=== Activity ===
Give back exactly the lines from the one holding "# drop (Suc" to the last line of the entries, both included, and nothing more.
BEGIN
(* Let $G$ be a non-Mengerian graph and let $xy$ be a multiedge of $G$. Then the graph obtained from $G$ by m-subdividing $xy$ is also non-Mengerian.
   Context: Graphs are finite, loopless, and may have parallel edges. The multiplicity of a pair $x,y$ is the number of edges with endpoints $x,y$; a pair with multiplicity at least 1 is a multiedge. m-subdividing a multiedge $xy$ of multiplicity $k$ means: delete the $k$ edges between $x$ and $y$, add a new vertex $z$, add $k$ parallel edges between $x$ and $z$ and $k$ parallel edges between $z$ and $y$. A temporal graph is a pair $(G,\lambda)$ with $\lambda:E(G)\to\mathbb{Z}_{>0}$. A temporal $s,t$-path is an $s,t$-path $(s=v_1,e_1,\dots,e_{k-1},v_k=t)$ of $G$ (no repeated vertices) with $\lambda(e_1)\le\dots\le\lambda(e_{k-1})$. Two temporal $s,t$-paths are disjoint if they share no vertex other than $s,t$. For distinct non-adjacent $s,t$, a temporal $s,t$-vertex cut is a set $S\subseteq V(G)\setminus\{s,t\}$ such that $G-S$ (with $\lambda$ restricted) has no temporal $s,t$-path. $p_{G,\lambda}(s,t)$ is the maximum number of pairwise disjoint temporal $s,t$-paths and $c_{G,\lambda}(s,t)$ the minimum size of a temporal $s,t$-vertex cut. $G$ is Mengerian if $p_{G,\lambda}(s,t)=c_{G,\lambda}(s,t)$ for every $\lambda$ and every pair of distinct non-adjacent $s,t\in V(G)$. *)

theory Defs
  imports Main
begin

text \<open>A finite loopless multigraph: vertex set V, edge set E (edges have identity, so
parallel edges are allowed), and an endpoint map assigning each edge a 2-element
set of vertices.\<close>

definition multigraph :: "'a set \<Rightarrow> 'e set \<Rightarrow> ('e \<Rightarrow> 'a set) \<Rightarrow> bool" where
  "multigraph V E ends \<longleftrightarrow> finite V \<and> finite E \<and>
     (\<forall>e\<in>E. ends e \<subseteq> V \<and> card (ends e) = 2)"

definition adjacent :: "'e set \<Rightarrow> ('e \<Rightarrow> 'a set) \<Rightarrow> 'a \<Rightarrow> 'a \<Rightarrow> bool" where
  "adjacent E ends u v \<longleftrightarrow> (\<exists>e\<in>E. ends e = {u, v})"

definition edges_between :: "'e set \<Rightarrow> ('e \<Rightarrow> 'a set) \<Rightarrow> 'a \<Rightarrow> 'a \<Rightarrow> 'e set" where
  "edges_between E ends x y = {e\<in>E. ends e = {x, y}}"

definition temporal_path ::
  "'a set \<Rightarrow> 'e set \<Rightarrow> ('e \<Rightarrow> 'a set) \<Rightarrow> ('e \<Rightarrow> nat) \<Rightarrow> 'a set \<Rightarrow> 'a \<Rightarrow> 'a \<Rightarrow>
   'a list \<times> 'e list \<Rightarrow> bool" where
  "temporal_path V E ends lam S s t P \<longleftrightarrow>
     (let vs = fst P; es = snd P in
       vs \<noteq> [] \<and> hd vs = s \<and> last vs = t \<and> distinct vs \<and>
       set vs \<subseteq> V - S \<and>
       length es + 1 = length vs \<and>
       (\<forall>i < length es. es ! i \<in> E \<and> ends (es ! i) = {vs ! i, vs ! Suc i}) \<and>
       sorted (map lam es))"

definition paths_disjoint :: "'a \<Rightarrow> 'a \<Rightarrow> 'a list \<times> 'e list \<Rightarrow> 'a list \<times> 'e list \<Rightarrow> bool" where
  "paths_disjoint s t P Q \<longleftrightarrow> set (fst P) \<inter> set (fst Q) \<subseteq> {s, t}"

definition max_disjoint_paths ::
  "'a set \<Rightarrow> 'e set \<Rightarrow> ('e \<Rightarrow> 'a set) \<Rightarrow> ('e \<Rightarrow> nat) \<Rightarrow> 'a \<Rightarrow> 'a \<Rightarrow> nat" where
  "max_disjoint_paths V E ends lam s t =
     (GREATEST k. \<exists>P :: nat \<Rightarrow> 'a list \<times> 'e list.
        (\<forall>i<k. temporal_path V E ends lam {} s t (P i)) \<and>
        (\<forall>i<k. \<forall>j<k. i \<noteq> j \<longrightarrow> paths_disjoint s t (P i) (P j)))"

definition temporal_vertex_cut ::
  "'a set \<Rightarrow> 'e set \<Rightarrow> ('e \<Rightarrow> 'a set) \<Rightarrow> ('e \<Rightarrow> nat) \<Rightarrow> 'a \<Rightarrow> 'a \<Rightarrow> 'a set \<Rightarrow> bool" where
  "temporal_vertex_cut V E ends lam s t S \<longleftrightarrow>
     S \<subseteq> V - {s, t} \<and> \<not> (\<exists>P. temporal_path V E ends lam S s t P)"

definition min_vertex_cut ::
  "'a set \<Rightarrow> 'e set \<Rightarrow> ('e \<Rightarrow> 'a set) \<Rightarrow> ('e \<Rightarrow> nat) \<Rightarrow> 'a \<Rightarrow> 'a \<Rightarrow> nat" where
  "min_vertex_cut V E ends lam s t =
     (LEAST k. \<exists>S. temporal_vertex_cut V E ends lam s t S \<and> card S = k)"

definition mengerian :: "'a set \<Rightarrow> 'e set \<Rightarrow> ('e \<Rightarrow> 'a set) \<Rightarrow> bool" where
  "mengerian V E ends \<longleftrightarrow>
     (\<forall>lam :: 'e \<Rightarrow> nat. (\<forall>e\<in>E. lam e > 0) \<longrightarrow>
       (\<forall>s\<in>V. \<forall>t\<in>V. s \<noteq> t \<longrightarrow> \<not> adjacent E ends s t \<longrightarrow>
          max_disjoint_paths V E ends lam s t = min_vertex_cut V E ends lam s t))"

definition m_subdivision ::
  "'a set \<Rightarrow> 'e set \<Rightarrow> ('e \<Rightarrow> 'a set) \<Rightarrow> 'a \<Rightarrow> 'a \<Rightarrow> 'a \<Rightarrow>
   'a set \<Rightarrow> 'e set \<Rightarrow> ('e \<Rightarrow> 'a set) \<Rightarrow> bool" where
  "m_subdivision V E ends x y z V' E' ends' \<longleftrightarrow>
     (let Exy = edges_between E ends x y in
      z \<notin> V \<and> V' = insert z V \<and>
      (\<exists>E1 E2. finite E1 \<and> finite E2 \<and> card E1 = card Exy \<and> card E2 = card Exy \<and>
         E1 \<inter> E2 = {} \<and> E1 \<inter> E = {} \<and> E2 \<inter> E = {} \<and>
         E' = (E - Exy) \<union> E1 \<union> E2 \<and>
         (\<forall>e\<in>E - Exy. ends' e = ends e) \<and>
         (\<forall>e\<in>E1. ends' e = {x, z}) \<and>
         (\<forall>e\<in>E2. ends' e = {z, y})))"

end

theory Submission
  imports Defs
begin

text \<open>Fix a labelling and a non-adjacent pair s, t of G with p < c (weak duality p \<le> c
  always holds). Give the two edge sets replacing the multiedge xy the labels of the k
  original xy-edges. A temporal path of the subdivision through z enters and leaves z via
  x and y with labels l \<le> l', so z can be bypassed by the xy-edge labelled l; hence p' \<le> p.
  Conversely, a temporal path of G uses at most one xy-edge, and replacing it by a pair of
  parallel new edges with the same label gives a path of the subdivision; so a cut of the
  subdivision avoiding z is a cut of G, and z in a cut can be traded for an endpoint of xy
  other than s, t, giving c \<le> c'. Thus p' \<le> p < c \<le> c'.\<close>

lemma sorted_take_drop_Suc:
  assumes "sorted xs"
  shows "sorted (take k xs @ drop (Suc k) xs)"
proof (cases "k < length xs")
  case True
  then have "sorted (take k xs @ xs ! k # drop (Suc k) xs)"
    using assms by (simp add: id_take_nth_drop[symmetric])
  then show ?thesis by (simp add: sorted_append)
qed (use assms in simp)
END
=== Written solution ===
  then have "sorted (take k xs @ xs ! k # drop (Suc k) xs)"
    using assms by (simp add: id_take_nth_drop[symmetric])
  then show ?thesis by (simp add: sorted_append)
qed (use assms in simp)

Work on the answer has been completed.